_YOUR TASK_
Whenever a line below includes the word "symmetric", copy that line.

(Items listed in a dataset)
= = = = = = =

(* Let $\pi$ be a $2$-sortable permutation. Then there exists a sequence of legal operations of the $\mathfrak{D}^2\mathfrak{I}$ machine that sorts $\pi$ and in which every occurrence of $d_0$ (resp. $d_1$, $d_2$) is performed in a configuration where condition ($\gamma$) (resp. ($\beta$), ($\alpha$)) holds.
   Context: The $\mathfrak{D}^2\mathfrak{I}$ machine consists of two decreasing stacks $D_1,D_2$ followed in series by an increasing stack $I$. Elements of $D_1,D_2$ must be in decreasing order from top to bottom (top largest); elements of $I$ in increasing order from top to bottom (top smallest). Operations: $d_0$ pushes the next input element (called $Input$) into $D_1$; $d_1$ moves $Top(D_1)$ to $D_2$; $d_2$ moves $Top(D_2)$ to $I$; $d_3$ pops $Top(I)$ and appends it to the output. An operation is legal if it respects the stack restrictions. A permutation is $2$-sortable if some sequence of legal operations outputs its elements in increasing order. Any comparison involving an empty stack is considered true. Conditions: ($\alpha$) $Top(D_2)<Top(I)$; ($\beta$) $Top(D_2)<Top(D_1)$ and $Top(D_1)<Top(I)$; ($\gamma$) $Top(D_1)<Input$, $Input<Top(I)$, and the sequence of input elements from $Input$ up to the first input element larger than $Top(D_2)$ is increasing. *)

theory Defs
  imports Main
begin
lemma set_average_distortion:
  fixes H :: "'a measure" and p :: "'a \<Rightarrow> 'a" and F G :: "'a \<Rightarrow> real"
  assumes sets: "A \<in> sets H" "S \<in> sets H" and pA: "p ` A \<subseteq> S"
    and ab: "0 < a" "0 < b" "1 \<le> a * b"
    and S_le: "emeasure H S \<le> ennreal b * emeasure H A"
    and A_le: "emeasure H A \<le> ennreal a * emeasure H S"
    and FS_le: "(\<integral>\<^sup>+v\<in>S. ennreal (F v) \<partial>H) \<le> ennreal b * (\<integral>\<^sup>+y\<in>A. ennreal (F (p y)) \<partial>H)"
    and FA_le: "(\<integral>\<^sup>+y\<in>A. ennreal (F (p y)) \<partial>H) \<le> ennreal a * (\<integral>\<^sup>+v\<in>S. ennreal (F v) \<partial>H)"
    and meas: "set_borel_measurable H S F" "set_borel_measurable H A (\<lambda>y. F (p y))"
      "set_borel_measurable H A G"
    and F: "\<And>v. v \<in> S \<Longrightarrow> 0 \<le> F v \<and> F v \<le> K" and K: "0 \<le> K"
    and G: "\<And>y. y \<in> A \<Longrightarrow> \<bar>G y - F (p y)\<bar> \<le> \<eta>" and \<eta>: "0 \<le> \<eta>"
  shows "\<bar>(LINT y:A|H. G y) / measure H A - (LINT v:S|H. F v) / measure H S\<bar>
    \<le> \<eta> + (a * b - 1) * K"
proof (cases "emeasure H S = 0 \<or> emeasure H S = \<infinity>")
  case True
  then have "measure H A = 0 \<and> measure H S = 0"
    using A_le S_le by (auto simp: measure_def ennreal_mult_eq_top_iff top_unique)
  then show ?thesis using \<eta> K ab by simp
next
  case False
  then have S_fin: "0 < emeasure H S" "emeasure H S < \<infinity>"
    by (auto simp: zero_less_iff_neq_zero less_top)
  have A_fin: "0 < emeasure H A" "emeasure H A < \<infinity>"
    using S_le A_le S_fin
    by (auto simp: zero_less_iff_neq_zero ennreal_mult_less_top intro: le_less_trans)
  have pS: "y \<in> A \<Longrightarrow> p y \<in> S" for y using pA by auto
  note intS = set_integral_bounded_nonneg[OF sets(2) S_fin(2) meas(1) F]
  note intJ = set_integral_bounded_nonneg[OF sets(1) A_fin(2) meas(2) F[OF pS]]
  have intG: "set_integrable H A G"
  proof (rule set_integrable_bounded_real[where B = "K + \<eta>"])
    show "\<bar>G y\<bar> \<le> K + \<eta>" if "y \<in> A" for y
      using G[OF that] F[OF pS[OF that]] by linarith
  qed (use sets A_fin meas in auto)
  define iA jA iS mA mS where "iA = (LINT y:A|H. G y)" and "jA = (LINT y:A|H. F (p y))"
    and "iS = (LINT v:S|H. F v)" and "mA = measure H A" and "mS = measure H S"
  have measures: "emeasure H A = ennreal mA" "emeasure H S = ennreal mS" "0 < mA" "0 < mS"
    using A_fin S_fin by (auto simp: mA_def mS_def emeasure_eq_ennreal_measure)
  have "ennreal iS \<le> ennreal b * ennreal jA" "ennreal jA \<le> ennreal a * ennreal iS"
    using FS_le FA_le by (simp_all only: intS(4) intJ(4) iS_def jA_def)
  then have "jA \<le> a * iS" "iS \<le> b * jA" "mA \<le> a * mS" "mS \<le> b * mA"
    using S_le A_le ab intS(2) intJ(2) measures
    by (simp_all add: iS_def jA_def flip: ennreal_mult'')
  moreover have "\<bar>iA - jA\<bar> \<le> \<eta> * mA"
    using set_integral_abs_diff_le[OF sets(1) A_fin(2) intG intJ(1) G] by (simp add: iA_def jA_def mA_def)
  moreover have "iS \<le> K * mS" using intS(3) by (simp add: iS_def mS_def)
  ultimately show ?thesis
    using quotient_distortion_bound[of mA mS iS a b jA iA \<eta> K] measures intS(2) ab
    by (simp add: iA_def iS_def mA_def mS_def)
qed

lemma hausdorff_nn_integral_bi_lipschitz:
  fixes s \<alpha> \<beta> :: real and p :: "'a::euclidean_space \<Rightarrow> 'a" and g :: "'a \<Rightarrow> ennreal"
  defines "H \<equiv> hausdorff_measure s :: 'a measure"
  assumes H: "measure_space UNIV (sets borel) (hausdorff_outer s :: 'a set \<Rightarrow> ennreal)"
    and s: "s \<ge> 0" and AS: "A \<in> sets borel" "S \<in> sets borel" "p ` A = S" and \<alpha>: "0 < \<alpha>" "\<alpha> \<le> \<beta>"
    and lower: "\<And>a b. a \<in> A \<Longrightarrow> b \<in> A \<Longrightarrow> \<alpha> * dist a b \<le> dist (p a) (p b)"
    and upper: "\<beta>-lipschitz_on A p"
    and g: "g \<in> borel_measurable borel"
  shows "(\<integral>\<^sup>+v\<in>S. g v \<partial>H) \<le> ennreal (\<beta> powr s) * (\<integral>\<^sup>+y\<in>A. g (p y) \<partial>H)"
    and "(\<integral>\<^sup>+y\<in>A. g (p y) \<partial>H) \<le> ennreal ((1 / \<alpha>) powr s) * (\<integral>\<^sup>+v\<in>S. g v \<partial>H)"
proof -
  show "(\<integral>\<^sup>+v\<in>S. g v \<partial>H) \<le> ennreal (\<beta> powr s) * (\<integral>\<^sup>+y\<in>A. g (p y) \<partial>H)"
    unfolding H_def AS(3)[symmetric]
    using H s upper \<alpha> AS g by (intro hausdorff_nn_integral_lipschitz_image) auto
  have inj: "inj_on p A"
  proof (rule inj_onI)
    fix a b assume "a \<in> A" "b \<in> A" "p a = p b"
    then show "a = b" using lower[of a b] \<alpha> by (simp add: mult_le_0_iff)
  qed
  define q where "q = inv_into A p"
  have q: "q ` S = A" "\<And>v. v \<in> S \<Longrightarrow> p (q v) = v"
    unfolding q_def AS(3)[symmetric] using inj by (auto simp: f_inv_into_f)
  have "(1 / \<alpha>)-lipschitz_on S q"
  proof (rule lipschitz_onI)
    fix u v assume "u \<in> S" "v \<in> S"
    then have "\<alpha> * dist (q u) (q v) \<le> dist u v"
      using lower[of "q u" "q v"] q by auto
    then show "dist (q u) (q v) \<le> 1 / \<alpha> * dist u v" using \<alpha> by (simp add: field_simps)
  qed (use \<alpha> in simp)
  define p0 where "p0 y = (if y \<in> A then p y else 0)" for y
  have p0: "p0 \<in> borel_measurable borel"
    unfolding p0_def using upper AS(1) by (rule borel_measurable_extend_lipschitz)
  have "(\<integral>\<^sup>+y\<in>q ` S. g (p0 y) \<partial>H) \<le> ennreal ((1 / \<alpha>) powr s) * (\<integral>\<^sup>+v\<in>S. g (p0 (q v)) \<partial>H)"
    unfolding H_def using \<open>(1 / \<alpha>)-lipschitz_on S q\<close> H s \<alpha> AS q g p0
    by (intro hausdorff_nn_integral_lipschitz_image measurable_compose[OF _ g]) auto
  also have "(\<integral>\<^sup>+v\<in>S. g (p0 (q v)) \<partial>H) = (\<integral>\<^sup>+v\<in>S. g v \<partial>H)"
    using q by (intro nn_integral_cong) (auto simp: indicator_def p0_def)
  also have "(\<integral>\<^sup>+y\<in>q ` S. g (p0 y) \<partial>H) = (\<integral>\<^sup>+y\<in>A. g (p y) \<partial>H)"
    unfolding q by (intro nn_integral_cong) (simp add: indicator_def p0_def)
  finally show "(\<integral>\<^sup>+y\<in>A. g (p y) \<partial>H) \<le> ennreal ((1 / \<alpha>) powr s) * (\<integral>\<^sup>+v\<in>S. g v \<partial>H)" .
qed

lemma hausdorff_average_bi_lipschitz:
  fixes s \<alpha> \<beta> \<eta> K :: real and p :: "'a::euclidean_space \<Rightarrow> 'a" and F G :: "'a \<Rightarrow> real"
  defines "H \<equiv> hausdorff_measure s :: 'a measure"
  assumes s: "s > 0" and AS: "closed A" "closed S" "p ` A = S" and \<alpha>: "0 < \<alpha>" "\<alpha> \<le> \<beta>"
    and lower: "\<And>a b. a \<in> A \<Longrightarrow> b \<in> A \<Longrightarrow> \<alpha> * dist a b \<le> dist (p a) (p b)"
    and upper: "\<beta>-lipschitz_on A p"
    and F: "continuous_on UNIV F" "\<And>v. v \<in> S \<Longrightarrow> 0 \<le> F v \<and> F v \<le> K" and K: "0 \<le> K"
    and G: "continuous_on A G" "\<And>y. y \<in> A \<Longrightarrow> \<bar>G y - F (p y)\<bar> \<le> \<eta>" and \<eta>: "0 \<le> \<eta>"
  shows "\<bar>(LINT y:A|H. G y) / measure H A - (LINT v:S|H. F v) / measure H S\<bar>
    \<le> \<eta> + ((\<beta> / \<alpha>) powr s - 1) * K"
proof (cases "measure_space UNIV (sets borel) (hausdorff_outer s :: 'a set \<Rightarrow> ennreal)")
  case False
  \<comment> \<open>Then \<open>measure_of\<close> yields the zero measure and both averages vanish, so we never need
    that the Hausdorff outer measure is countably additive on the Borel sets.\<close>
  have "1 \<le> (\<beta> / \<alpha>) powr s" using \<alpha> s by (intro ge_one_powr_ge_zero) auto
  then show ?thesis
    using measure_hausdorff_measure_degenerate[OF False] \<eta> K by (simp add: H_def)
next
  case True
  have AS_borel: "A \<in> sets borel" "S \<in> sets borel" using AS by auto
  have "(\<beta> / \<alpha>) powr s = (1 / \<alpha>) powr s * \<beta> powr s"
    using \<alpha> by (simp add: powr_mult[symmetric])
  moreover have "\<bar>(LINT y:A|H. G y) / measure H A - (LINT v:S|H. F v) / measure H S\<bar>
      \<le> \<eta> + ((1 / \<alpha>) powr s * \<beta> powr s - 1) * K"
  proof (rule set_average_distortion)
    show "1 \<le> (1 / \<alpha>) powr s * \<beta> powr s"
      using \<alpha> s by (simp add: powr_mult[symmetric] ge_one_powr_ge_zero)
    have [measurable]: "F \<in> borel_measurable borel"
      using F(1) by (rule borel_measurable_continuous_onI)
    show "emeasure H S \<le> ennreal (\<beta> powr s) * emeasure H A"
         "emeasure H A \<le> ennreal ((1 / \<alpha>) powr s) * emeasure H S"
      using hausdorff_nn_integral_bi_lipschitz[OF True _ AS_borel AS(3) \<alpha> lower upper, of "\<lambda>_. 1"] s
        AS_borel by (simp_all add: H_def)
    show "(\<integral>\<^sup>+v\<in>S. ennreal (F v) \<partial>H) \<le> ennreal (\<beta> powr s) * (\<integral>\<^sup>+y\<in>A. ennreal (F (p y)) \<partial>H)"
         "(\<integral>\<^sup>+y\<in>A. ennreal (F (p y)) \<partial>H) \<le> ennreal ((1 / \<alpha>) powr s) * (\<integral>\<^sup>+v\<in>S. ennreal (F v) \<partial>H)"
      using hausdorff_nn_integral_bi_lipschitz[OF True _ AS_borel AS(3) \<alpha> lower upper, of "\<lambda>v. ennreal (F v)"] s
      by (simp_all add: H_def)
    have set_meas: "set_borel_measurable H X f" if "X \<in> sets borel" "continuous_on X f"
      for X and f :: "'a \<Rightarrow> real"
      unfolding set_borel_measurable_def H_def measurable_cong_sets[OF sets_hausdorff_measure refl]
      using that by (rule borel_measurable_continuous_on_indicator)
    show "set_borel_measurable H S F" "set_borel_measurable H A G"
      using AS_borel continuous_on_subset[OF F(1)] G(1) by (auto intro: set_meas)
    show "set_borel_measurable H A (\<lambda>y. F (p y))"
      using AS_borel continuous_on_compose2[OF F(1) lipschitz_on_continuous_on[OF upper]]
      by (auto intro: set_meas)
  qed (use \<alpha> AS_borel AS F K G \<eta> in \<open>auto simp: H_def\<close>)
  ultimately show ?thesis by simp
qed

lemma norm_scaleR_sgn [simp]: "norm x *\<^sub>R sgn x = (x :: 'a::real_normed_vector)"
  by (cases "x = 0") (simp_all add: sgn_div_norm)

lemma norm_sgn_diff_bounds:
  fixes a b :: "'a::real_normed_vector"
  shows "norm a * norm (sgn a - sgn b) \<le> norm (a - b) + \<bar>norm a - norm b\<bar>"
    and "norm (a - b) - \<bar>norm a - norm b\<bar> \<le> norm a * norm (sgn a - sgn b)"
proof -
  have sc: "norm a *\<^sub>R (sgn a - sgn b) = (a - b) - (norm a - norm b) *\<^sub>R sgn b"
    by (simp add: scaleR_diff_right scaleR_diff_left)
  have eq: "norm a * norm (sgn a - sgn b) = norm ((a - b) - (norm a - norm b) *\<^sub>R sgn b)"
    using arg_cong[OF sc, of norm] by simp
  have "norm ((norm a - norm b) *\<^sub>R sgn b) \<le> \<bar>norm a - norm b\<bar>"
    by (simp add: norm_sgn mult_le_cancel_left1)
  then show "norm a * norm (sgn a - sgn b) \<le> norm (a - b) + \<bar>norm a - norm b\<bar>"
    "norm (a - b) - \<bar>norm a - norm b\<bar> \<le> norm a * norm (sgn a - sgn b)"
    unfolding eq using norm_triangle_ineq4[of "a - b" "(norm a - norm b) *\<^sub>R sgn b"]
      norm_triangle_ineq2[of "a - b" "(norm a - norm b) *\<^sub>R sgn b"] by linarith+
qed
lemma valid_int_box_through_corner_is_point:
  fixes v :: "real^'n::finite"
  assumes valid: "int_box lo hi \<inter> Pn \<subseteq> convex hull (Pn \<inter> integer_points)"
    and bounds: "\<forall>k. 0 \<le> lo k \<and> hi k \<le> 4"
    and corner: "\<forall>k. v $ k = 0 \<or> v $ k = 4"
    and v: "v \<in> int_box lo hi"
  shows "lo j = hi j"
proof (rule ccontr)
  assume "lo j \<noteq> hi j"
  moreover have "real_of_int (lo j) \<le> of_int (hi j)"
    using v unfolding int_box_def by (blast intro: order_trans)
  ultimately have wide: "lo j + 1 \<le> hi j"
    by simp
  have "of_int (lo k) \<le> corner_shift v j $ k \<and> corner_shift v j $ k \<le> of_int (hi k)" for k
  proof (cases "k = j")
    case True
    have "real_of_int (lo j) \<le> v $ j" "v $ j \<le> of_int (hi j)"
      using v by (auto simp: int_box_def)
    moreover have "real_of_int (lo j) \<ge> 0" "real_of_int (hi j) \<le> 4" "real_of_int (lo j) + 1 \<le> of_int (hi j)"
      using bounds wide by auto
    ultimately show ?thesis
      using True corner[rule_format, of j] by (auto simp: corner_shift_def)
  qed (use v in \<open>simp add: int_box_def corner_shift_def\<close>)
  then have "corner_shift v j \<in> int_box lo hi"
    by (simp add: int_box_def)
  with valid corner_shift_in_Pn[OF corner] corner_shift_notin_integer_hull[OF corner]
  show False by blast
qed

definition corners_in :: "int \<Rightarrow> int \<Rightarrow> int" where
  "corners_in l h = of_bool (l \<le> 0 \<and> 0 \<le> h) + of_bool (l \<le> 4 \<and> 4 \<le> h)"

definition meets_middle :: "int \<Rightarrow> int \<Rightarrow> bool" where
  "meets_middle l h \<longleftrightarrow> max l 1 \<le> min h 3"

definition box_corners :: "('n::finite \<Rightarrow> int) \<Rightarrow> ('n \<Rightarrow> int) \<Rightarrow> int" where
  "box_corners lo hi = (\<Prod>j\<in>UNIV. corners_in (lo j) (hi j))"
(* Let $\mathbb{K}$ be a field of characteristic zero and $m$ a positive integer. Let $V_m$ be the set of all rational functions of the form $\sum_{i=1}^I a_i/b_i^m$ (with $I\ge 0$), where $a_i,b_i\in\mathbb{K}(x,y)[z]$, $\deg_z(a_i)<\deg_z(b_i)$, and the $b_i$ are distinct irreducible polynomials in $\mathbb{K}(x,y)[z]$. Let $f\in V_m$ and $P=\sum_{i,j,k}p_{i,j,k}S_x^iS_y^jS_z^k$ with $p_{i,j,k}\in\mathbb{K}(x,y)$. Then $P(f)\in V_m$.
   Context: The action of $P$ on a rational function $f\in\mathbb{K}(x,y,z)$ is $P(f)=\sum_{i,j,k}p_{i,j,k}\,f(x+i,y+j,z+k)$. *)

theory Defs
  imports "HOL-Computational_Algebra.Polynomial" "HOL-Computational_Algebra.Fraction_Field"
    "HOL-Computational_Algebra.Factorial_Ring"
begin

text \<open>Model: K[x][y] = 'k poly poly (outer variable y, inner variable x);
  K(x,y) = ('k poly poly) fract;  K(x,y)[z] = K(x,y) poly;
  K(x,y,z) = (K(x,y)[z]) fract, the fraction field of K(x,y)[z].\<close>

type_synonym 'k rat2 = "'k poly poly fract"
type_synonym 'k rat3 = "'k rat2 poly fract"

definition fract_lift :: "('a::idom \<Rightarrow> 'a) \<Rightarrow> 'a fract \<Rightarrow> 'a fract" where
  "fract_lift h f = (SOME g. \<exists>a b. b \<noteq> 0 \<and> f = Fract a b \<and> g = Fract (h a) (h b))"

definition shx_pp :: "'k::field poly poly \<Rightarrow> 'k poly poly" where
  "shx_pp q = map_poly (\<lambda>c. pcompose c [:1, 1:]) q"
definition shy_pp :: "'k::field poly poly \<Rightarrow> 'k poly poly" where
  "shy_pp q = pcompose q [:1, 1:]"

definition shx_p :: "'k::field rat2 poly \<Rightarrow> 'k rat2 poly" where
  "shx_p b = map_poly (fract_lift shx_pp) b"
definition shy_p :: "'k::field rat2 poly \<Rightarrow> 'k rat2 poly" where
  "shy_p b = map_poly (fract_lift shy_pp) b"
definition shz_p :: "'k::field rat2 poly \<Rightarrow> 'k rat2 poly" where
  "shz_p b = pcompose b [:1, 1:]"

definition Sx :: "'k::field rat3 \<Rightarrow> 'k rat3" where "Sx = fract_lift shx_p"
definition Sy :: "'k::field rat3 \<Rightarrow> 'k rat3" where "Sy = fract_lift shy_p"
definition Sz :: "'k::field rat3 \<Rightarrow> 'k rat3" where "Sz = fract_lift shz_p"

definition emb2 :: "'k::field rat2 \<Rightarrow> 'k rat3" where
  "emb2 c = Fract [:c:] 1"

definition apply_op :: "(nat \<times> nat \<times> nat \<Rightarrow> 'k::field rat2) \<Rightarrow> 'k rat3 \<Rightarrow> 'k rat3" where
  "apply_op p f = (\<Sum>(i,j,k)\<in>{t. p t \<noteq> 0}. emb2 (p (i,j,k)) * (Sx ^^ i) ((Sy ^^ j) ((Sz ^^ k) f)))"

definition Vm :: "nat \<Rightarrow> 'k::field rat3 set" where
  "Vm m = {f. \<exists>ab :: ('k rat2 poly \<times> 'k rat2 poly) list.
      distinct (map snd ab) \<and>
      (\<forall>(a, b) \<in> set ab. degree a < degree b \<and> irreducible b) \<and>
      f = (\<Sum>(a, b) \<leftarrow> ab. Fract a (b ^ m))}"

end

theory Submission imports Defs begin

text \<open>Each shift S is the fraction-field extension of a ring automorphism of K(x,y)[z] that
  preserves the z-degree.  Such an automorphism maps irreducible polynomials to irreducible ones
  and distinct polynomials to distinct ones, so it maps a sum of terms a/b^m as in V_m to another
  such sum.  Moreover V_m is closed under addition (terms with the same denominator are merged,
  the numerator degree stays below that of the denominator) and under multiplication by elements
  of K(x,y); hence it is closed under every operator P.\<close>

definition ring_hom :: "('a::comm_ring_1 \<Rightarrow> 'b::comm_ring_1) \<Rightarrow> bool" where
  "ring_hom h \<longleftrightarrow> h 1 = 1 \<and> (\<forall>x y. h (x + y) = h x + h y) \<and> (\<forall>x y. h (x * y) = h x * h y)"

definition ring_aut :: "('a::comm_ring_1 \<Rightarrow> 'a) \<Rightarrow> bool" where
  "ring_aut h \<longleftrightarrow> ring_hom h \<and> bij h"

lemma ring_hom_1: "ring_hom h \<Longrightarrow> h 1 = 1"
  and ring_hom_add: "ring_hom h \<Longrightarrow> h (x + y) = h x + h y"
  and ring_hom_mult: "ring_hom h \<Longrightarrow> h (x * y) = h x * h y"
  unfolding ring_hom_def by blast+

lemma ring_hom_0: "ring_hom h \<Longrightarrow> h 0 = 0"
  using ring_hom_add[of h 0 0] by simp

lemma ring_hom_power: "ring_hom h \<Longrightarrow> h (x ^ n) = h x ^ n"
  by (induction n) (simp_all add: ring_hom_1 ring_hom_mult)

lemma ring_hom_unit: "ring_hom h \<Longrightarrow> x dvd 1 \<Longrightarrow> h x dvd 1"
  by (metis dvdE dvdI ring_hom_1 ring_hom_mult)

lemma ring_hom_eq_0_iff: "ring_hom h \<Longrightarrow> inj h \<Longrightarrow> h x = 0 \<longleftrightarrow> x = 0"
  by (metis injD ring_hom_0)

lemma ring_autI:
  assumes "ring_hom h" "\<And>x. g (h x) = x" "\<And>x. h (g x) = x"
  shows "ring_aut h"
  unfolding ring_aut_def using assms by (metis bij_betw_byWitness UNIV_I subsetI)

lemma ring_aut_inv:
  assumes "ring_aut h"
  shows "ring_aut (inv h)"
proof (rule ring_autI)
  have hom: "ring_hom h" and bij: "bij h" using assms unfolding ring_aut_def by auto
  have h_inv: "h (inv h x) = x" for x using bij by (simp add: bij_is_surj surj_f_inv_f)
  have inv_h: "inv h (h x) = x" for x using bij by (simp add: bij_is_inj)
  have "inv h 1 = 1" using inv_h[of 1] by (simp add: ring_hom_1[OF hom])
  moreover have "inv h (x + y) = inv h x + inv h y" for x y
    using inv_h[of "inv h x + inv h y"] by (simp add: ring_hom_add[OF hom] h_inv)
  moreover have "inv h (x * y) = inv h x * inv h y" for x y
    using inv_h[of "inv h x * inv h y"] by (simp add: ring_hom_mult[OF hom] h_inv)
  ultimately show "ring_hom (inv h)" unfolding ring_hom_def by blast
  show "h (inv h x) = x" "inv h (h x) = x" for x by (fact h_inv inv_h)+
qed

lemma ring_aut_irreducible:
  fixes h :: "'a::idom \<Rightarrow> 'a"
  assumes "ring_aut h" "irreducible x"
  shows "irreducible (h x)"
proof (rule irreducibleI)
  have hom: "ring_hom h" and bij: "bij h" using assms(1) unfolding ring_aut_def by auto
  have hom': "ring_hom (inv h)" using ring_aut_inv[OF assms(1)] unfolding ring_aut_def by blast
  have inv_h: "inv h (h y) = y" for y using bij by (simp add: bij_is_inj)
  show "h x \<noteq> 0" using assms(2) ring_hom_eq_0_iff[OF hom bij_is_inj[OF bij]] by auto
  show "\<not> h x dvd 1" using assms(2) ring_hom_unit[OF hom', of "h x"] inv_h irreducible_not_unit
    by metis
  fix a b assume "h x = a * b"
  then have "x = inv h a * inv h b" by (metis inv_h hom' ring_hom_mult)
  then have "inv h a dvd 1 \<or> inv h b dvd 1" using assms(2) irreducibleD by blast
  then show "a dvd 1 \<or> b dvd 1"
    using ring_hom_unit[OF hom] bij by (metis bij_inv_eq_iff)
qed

= = = = = = =

_EXERCISE ANSWER_
    unfolding H_def AS(3)[symmetric]
    unfolding q_def AS(3)[symmetric] using inj by (auto simp: f_inv_into_f)
    using \<alpha> by (simp add: powr_mult[symmetric])
      using \<alpha> s by (simp add: powr_mult[symmetric] ge_one_powr_ge_zero)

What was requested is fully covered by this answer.